What you are asked to do: Lines with the string "have" are to be identified in the listing and copied.

== == ==

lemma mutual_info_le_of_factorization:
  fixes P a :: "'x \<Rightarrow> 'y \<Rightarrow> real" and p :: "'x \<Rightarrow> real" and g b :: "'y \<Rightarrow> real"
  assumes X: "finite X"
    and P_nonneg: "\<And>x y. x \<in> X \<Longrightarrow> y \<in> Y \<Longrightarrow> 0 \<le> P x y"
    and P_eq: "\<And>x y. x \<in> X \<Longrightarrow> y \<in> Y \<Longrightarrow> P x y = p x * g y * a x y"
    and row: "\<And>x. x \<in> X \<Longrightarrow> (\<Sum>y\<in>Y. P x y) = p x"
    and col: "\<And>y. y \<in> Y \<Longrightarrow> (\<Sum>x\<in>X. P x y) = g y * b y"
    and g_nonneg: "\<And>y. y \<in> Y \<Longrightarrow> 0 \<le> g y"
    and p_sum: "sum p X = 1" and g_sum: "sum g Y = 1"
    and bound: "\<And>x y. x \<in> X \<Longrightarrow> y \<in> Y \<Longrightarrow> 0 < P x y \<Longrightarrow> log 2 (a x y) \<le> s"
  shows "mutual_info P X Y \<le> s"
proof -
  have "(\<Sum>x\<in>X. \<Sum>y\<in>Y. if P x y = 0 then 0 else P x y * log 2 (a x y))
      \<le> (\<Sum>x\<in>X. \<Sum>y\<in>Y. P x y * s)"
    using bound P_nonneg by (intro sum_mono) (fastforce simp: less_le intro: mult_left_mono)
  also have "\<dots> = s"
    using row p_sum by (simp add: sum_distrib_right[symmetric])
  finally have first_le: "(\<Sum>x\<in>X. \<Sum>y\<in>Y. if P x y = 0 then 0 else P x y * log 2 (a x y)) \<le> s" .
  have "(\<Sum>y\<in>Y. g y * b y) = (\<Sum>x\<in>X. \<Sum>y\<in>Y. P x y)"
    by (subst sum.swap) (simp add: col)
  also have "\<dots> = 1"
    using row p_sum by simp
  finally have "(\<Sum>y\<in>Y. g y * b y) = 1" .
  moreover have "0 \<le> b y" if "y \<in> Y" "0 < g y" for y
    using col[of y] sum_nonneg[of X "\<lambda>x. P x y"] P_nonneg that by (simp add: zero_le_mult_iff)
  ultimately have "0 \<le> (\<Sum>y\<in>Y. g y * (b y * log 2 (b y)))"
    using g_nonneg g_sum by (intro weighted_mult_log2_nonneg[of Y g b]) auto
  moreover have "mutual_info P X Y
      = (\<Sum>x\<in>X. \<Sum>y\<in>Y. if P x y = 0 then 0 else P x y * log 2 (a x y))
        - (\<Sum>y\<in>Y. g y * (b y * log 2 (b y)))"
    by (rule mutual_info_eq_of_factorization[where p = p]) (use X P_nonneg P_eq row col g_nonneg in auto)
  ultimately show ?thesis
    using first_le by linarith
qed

== == ==

Answer for the task:
  have "(\<Sum>x\<in>X. \<Sum>y\<in>Y. if P x y = 0 then 0 else P x y * log 2 (a x y))
  also have "\<dots> = s"
  finally have first_le: "(\<Sum>x\<in>X. \<Sum>y\<in>Y. if P x y = 0 then 0 else P x y * log 2 (a x y)) \<le> s" .
  have "(\<Sum>y\<in>Y. g y * b y) = (\<Sum>x\<in>X. \<Sum>y\<in>Y. P x y)"
  also have "\<dots> = 1"
  finally have "(\<Sum>y\<in>Y. g y * b y) = 1" .
  moreover have "0 \<le> b y" if "y \<in> Y" "0 < g y" for y
  ultimately have "0 \<le> (\<Sum>y\<in>Y. g y * (b y * log 2 (b y)))"
  moreover have "mutual_info P X Y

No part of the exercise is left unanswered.